Tractor mechanic makes house calls

Parked for years, late farmer’s favorite rig runs once again

— CAPON BRIDGE, W.Va. — For two years, Steve Slonaker didn’t move his father Bill’s favorite tractor, a 1950s Oliver Super 77, from the spot where Bill parked it shortly before he died.

“He drove it in there and parked it and I’ve never touched it,” Slonaker said, standing next to a machine shed on the Hampshire County farm that’s been in his family since at least the Civil War. “That’s where he left it the last day he used it.”

Slonaker said he didn’t have the heart to move the Oliver. Eventually it became unmovable, as neglect left the antique machine unable to start.

All that changed last week, when Slonaker called on the expertise of traveling mechanic Ted Kalvitis.

Kalvitis, of Augusta, W.Va., drives from farm to farm in an old black pickup, repairing broken-down tractors like a doctor making house calls. He began working as a tractor mechanic full time in the 1980s.

“At that time if you were working on tractors, you were working on antiques,” Kalvitis said.
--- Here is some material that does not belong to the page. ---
(* Fix integers $t\geq 1$ and $r\geq 1$. Then, as $m\to\infty$ (with $m\geq r$), \[ R_t(r,m) \leq \left(1-\frac{1}{2^t}\right)2^m-\frac{\sqrt{2^t-1}}{2^t} (1+\sqrt{2})^{r-1}2^{m/2}+O(m^{r-2}), \] where the constant in the $O(\cdot)$ term may depend on $r$ and $t$.
   Context: For a $t\times n$ matrix $\mathbf{v}$ over $\mathbb{F}_q$ with rows $\overline{v}_1,\dots,\overline{v}_t$, its $t$-weight is $\mathrm{wt}^{(t)}(\mathbf{v})=\left|\bigcup_{i=1}^t \mathrm{supp}(\overline{v}_i)\right|$, and $d^{(t)}(\mathbf{u},\mathbf{v})=\mathrm{wt}^{(t)}(\mathbf{u}-\mathbf{v})$. For a linear code $C\subseteq\mathbb{F}_q^n$ and $t\in\mathbb{N}$, let $C^t$ be the set of $t\times n$ matrices all of whose rows lie in $C$. The $t$-th generalized covering radius $R_t(C)$ is the smallest integer $\rho$ such that for every $\mathbf{v}\in\mathbb{F}_q^{t\times n}$ there is $\mathbf{c}\in C^t$ with $d^{(t)}(\mathbf{v},\mathbf{c})\leq \rho$. Binary Reed–Muller codes $\mathrm{RM}(r,m)\subseteq\mathbb{F}_2^{2^m}$ ($0\le r\le m$) are defined recursively: $\mathrm{RM}(0,m)=\{\overline{0},\overline{1}\}$ (the repetition code of length $2^m$), $\mathrm{RM}(m,m)=\mathbb{F}_2^{2^m}$, and for $1\leq r\leq m-1$, $\mathrm{RM}(r,m)=\{(\overline{u},\overline{u}+\overline{v}) : \overline{u}\in \mathrm{RM}(r,m-1),\ \overline{v}\in\mathrm{RM}(r-1,m-1)\}$. It is a linear code of length $2^m$ and dimension $\sum_{i=0}^r\binom{m}{i}$. Write $R_t(r,m)=R_t(\mathrm{RM}(r,m))$. *)

theory Defs
  imports Complex_Main
begin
And he continues to spend much of his time repairing antique equipment, specializing, as he explained in one article, in machines that “can’t be moved.”
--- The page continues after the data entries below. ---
text \<open>A set \<open>A\<close> escapes rejection by \<open>\<phi>\<close> iff \<open>#{i \<in> A. p_i \<le> \<ell>_{k:|A|}} < k\<close> for all \<open>k\<close>.
  The reference family is built so that \<open>\<AA>(\<RR>)\<close> consists exactly of the sets of size at most
  \<open>M = mhat0\<close> that pass the same test with the critical values \<open>\<ell>_{k:M}\<close>.

  Every set not rejected by \<open>\<phi>\<close> lies in \<open>\<AA>(\<RR>)\<close>: if \<open>|A| > M\<close>, maximality of \<open>M\<close> yields a
  threshold \<open>t\<close> below which \<open>A\<close> already has \<open>|A| + i(t) - m\<close> p-values, enough for a
  rejection; and for \<open>|A| \<le> M\<close> the critical values only decrease from size \<open>|A|\<close> to \<open>M\<close>.
  So the JER event implies that \<open>\<phi>\<close> rejects the true nulls, and the first claim follows from
  the level of the local test. Conversely every member of \<open>\<AA>(\<RR>)\<close> grows to a set of size
  \<open>M\<close> that \<open>\<phi>\<close> does not reject, by repeatedly adding the remaining hypothesis with the
  largest p-value: the defining inequality of \<open>M\<close> at \<open>t = \<ell>_{k:M}\<close> shows that this never
  creates a rejection. Hence both bounds maximise \<open>|S \<inter> A|\<close> over families that dominate
  each other.\<close>

lemma sorted_nth_le_iff_less_length_filter:
  fixes xs :: "'a::linorder list"
  assumes "sorted xs" "i < length xs"
  shows "xs ! i \<le> c \<longleftrightarrow> i < length (filter (\<lambda>v. v \<le> c) xs)"
  using assms
proof (induction xs arbitrary: i)
  case Nil
  then show ?case by simp
next
  case (Cons x xs)
  show ?case
  proof (cases "x \<le> c")
    case True
    then show ?thesis using Cons by (cases i) auto
  next
    case False
    then have "\<forall>v\<in>set (x # xs). \<not> v \<le> c" using Cons.prems(1) by auto
    moreover have "(x # xs) ! i \<in> set (x # xs)" using Cons.prems(2) by (rule nth_mem)
    ultimately show ?thesis by (auto simp: filter_empty_conv)
  qed
qed

lemma pord_le_iff:
  assumes "finite A" "1 \<le> i" "i \<le> card A"
  shows "pord q A i \<le> c \<longleftrightarrow> i \<le> card {j\<in>A. q j \<le> c}"
proof -
  define xs where "xs = sort (map q (sorted_list_of_set A))"
  have "length (filter (\<lambda>v. v \<le> c) xs) = length (filter (\<lambda>v. v \<le> c) (map q (sorted_list_of_set A)))"
    unfolding xs_def by (metis mset_filter mset_sort size_mset)
  also have "\<dots> = card {j\<in>A. q j \<le> c}"
    using assms(1) by (simp add: filter_map comp_def distinct_length_filter Int_def conj_commute)
  finally have "length (filter (\<lambda>v. v \<le> c) xs) = card {j\<in>A. q j \<le> c}" .
  moreover have "pord q A i \<le> c \<longleftrightarrow> i - 1 < length (filter (\<lambda>v. v \<le> c) xs)"
    using assms unfolding pord_def xs_def by (intro sorted_nth_le_iff_less_length_filter) auto
  ultimately show ?thesis using assms(2) by linarith
qed

definition accepted :: "(nat \<Rightarrow> nat \<Rightarrow> real) \<Rightarrow> (nat \<Rightarrow> real) \<Rightarrow> nat \<Rightarrow> nat set \<Rightarrow> bool" where
  "accepted l q n A \<longleftrightarrow> (\<forall>k\<in>{1..n}. card {i\<in>A. q i \<le> l k n} < k)"

lemma phi_iff_not_accepted:
  assumes "finite A"
  shows "phi l q A \<longleftrightarrow> \<not> accepted l q (card A) A"
  using pord_le_iff[OF assms] unfolding phi_def accepted_def by (auto simp: not_less)

lemma measurable_phi_event:
  assumes "finite A" "\<And>j. j \<in> A \<Longrightarrow> (\<lambda>x. p x j) \<in> borel_measurable M"
  shows "{x\<in>space M. phi l (p x) A} \<in> sets M"
proof -
  have count: "(\<Sum>j\<in>A. indicator {..c} (p x j)) = real (card {j\<in>A. p x j \<le> c})" for x c
    using assms(1) by (simp add: indicator_def Collect_conj_eq)
  have "phi l (p x) A \<longleftrightarrow> (\<exists>k\<in>{1..card A}. real k \<le> (\<Sum>j\<in>A. indicator {..l k (card A)} (p x j)))"
    for x
    using assms(1) unfolding phi_def count by (simp add: pord_le_iff)
  then show ?thesis using assms by simp measurable
qed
Machines like the Oliver, which Kalvitis was eventually able to fire up and back out of the shed, for the first time in years.

The Slonakers’ Oliver and Kalvitis’ work to resurrect it will be featured in a West Virginia public broadcasting production scheduled to be released in mid-2011. A crew filmed Kalvitis’ visit to the Slonaker farm and the story behind the Oliver as one segment of a documentary about farm tractors and why people treasure them.
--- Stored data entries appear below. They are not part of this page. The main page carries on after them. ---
(* Let $(a_n(q))$ be a $q$-Euler–Gauss sequence with $a_n(1)\neq0$ for all $n\ge1$. Then $(a_n(q))$ is a $q$-Gauss sequence.
   Context: $\mu$ is the Möbius function, $[n]_q=1+q+\dots+q^{n-1}$; polynomial congruences modulo $[n]_q$ mean divisibility of the difference by $[n]_q$ in $\mathbb{Z}[q]$. A sequence $(a_n(q))$ in $\mathbb{Z}[q]$ is a $q$-Euler–Gauss sequence if for all $n\ge1$, $\prod_{d\mid n,\,\mu(d)=1}a_{n/d}(q^d)\equiv\prod_{d\mid n,\,\mu(d)=-1}a_{n/d}(q^d)\pmod{[n]_q}$; it is a $q$-Gauss sequence if $\sum_{d\mid n}\mu(d)a_{n/d}(q^d)\equiv0\pmod{[n]_q}$ for all $n\ge1$. *)

theory Defs
  imports "HOL-Computational_Algebra.Computational_Algebra"
begin

definition moebius_mu :: "nat \<Rightarrow> int" where
  "moebius_mu n = (if n = 0 then 0
     else if squarefree n then (-1) ^ card (prime_factors n) else 0)"

definition q_int :: "nat \<Rightarrow> int poly" where
  "q_int n = (\<Sum>i<n. monom 1 i)"

definition subst_qpow :: "int poly \<Rightarrow> nat \<Rightarrow> int poly" where
  "subst_qpow p d = pcompose p (monom 1 d)"

definition q_Euler_Gauss :: "(nat \<Rightarrow> int poly) \<Rightarrow> bool" where
  "q_Euler_Gauss a \<longleftrightarrow> (\<forall>n\<ge>1. q_int n dvd
      ((\<Prod>d\<in>{d. d dvd n \<and> moebius_mu d = 1}. subst_qpow (a (n div d)) d)
     - (\<Prod>d\<in>{d. d dvd n \<and> moebius_mu d = -1}. subst_qpow (a (n div d)) d)))"

definition q_Gauss :: "(nat \<Rightarrow> int poly) \<Rightarrow> bool" where
  "q_Gauss a \<longleftrightarrow> (\<forall>n\<ge>1. q_int n dvd
      (\<Sum>d\<in>{d. d dvd n}. smult (moebius_mu d) (subst_qpow (a (n div d)) d)))"

end

theory Submission
  imports Defs
begin

text \<open>
  Evaluate at a complex root of unity z of order m dividing n. By strong induction on n the
  q-Euler-Gauss congruences force a_n(z) = a_{n/m}(1): at z the congruence modulo [n]_q becomes
  an equality of products over the squarefree divisors d of n, and by induction every factor
  a_{n/d}(z^d) with d > 1 equals a_{n/lcm(m,d)}(1), which is nonzero. For a prime p dividing m,
  multiplying or dividing d by p exchanges the divisors with mu(d) = 1 and mu(d) = -1 without
  changing lcm(m,d), so the two products agree except for the factors a_n(z) and a_{n/m}(1).
  The same pairing shows that the Gauss sum, which at z equals the sum of mu(d) a_{n/lcm(m,d)}(1),
  vanishes for m > 1. Hence it vanishes at all roots of [n]_q, and since [n]_q is monic with
  n - 1 distinct complex roots, it divides the Gauss sum in Z[q].
\<close>

lemma map_poly_of_int_add [simp]:
  "map_poly of_int (p + q) = (map_poly of_int p + map_poly of_int q :: 'a::comm_ring_1 poly)"
  by (rule poly_eqI) (simp add: coeff_map_poly)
Producer Chuck Klein found the perfect guide for the documentary in Kalvitis, who years ago began writing about his visits to clients and his observations about life as a traveling mechanic.

“I started keeping a journal,” Kalvitis said. “More for the sake of remembering what I did to the individual machines than anything.”

But the writing developed into articles and regular columns published in places like Antique Power magazine, Farm & Ranch Living magazine, the Winchester Star, and the now-defunct Capon Valley Chronicle. He’s also written a book soon to be published, titled “Of Grease and Chaff: The Three Seasons of a Country Mechanic.”

Klein said the concept for the documentary came to him when a friend mentioned one day that he was “looking for an excuse” just to get out on his tractor.

“It’s the idea of getting on a tractor and taking yourself to a little bit of peacefulness and away time,” Klein said. The film will tell the stories of several farmers from very different walks of life who value their time spent on the farm, and their tractors, for their own particular reasons.

In Slonaker’s case, it’s due largely to the memory of his father’s fondness for the Oliver. It was the second tractor Bill Slonaker ever purchased new when he brought it home in 1955.

“When he grew up as a young man on the farm they worked using horses,” Slonaker said. “The first tractor my granddad bought was an Oliver. I guess that’s why it was special to him, something about that transition from farming with horses to tractors.”